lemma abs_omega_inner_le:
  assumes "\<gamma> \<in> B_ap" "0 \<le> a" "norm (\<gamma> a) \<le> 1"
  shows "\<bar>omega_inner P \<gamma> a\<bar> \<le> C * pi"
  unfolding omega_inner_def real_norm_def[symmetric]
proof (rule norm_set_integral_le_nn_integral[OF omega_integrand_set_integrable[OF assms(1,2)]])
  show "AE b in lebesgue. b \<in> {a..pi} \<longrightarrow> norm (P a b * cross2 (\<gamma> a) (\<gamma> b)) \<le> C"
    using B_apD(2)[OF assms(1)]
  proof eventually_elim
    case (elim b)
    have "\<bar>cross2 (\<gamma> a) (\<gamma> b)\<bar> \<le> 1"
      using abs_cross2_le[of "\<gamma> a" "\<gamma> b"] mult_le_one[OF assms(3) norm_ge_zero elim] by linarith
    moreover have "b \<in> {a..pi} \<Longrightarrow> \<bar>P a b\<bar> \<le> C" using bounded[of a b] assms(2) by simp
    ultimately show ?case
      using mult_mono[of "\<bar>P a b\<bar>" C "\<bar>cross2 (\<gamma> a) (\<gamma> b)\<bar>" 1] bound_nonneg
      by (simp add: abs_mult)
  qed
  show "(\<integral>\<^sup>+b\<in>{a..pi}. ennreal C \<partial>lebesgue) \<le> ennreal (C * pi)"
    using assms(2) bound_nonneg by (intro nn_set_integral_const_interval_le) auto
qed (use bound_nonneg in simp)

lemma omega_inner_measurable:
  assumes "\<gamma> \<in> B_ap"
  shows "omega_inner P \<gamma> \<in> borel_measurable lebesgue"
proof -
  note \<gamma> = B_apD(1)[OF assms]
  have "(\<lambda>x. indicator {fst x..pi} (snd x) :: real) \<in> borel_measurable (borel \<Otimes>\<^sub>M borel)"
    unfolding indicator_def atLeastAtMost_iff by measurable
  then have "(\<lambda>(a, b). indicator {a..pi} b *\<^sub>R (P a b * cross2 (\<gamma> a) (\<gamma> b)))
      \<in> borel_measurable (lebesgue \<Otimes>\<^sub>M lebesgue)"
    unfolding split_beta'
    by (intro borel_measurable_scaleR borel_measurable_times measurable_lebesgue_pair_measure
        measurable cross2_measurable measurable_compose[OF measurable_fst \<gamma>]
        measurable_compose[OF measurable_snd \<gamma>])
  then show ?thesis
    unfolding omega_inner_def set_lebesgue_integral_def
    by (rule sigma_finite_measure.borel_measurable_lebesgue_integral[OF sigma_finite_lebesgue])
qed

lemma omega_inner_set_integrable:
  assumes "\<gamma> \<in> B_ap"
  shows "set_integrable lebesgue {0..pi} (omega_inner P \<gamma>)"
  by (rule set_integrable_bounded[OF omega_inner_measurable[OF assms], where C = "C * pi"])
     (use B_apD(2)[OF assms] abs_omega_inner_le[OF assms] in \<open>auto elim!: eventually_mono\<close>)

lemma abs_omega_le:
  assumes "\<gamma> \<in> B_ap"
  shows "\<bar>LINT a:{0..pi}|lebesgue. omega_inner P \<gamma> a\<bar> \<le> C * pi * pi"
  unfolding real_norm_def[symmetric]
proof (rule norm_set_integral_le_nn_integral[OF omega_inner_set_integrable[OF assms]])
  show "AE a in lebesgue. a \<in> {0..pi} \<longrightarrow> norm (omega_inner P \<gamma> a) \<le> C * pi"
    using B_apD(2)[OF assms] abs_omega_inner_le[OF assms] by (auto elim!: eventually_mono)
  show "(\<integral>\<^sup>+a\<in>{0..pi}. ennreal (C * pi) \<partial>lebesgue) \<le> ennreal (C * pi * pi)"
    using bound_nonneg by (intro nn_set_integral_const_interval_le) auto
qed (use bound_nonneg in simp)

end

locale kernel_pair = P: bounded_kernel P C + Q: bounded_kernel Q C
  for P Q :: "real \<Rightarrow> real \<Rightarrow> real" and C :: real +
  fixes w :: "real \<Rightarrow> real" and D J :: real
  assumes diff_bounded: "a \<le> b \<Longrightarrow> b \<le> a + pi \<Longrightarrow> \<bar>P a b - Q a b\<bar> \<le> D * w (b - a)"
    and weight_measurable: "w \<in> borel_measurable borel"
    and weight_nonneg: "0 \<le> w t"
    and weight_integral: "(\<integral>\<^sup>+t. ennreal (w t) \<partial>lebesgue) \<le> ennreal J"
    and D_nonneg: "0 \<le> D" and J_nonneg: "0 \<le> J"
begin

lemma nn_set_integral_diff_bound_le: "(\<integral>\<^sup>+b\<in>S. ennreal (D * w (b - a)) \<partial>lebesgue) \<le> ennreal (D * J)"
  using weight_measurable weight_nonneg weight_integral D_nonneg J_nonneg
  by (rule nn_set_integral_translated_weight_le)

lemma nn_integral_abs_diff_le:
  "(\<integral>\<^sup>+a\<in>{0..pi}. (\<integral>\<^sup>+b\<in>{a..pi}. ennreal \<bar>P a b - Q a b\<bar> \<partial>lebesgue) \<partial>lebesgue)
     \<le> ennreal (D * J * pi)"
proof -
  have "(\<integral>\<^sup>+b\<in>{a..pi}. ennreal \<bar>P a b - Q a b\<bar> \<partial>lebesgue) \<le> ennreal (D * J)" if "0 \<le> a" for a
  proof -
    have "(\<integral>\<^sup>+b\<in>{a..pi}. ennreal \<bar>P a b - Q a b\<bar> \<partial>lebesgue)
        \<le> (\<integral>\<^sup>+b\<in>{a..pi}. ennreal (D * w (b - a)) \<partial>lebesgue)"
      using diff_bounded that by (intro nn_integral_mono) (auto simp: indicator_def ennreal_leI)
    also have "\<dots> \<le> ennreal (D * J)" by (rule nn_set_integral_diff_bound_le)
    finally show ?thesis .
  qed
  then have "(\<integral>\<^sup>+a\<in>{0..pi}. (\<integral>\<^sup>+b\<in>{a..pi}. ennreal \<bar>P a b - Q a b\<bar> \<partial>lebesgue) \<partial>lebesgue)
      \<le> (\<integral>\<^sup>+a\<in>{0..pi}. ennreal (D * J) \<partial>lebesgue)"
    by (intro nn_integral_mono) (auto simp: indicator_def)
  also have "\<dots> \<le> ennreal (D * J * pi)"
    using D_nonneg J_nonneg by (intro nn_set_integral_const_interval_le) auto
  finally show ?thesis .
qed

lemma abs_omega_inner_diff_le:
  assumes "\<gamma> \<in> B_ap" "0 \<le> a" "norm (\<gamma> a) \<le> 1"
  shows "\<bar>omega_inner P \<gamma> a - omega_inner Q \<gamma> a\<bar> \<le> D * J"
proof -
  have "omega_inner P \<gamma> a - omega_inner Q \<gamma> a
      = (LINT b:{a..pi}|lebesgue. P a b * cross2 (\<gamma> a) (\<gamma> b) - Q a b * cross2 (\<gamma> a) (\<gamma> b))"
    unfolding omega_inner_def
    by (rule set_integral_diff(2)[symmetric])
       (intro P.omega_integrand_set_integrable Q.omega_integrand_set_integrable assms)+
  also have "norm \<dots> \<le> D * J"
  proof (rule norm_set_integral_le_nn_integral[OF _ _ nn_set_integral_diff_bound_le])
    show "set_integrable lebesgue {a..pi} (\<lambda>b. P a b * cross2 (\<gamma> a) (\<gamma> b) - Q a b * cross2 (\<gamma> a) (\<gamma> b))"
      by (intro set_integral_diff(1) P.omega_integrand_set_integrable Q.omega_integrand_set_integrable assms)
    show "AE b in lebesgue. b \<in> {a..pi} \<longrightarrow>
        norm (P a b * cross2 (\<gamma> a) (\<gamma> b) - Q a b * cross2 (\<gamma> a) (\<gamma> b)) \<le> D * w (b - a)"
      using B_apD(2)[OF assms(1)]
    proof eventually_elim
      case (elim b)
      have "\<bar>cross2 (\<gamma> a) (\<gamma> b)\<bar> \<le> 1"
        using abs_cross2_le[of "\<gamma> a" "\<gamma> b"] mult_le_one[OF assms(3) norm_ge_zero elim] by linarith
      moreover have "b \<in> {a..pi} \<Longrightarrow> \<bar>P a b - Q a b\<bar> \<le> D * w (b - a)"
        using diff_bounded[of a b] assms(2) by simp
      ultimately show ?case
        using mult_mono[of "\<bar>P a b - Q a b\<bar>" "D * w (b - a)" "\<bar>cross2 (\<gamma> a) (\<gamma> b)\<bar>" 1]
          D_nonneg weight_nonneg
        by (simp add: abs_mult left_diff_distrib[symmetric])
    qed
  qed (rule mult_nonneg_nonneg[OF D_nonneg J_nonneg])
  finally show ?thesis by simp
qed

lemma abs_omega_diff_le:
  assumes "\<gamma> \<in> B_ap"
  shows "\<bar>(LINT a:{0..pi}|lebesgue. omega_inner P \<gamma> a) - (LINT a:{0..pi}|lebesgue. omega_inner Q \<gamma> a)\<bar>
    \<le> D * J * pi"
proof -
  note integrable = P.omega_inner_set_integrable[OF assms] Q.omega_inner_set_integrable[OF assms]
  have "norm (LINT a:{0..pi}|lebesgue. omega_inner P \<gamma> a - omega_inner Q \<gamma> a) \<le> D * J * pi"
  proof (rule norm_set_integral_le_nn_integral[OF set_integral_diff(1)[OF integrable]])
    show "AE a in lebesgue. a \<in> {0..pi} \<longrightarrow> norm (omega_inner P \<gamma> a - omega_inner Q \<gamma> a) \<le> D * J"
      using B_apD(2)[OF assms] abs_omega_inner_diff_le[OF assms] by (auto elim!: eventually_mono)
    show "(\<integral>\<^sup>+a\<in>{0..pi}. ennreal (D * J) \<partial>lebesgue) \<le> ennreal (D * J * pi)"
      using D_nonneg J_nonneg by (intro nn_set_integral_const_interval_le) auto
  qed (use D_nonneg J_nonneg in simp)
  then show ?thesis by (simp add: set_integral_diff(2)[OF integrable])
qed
········
Your instructions
In the material above, which lines contain "proof"? Copy each of them.

Response to this task
proof (rule norm_set_integral_le_nn_integral[OF omega_integrand_set_integrable[OF assms(1,2)]])
  proof eventually_elim
proof -
proof (rule norm_set_integral_le_nn_integral[OF omega_inner_set_integrable[OF assms]])
proof -
  proof -
proof -
  proof (rule norm_set_integral_le_nn_integral[OF _ _ nn_set_integral_diff_bound_le])
    proof eventually_elim
proof -
  proof (rule norm_set_integral_le_nn_integral[OF set_integral_diff(1)[OF integrable]])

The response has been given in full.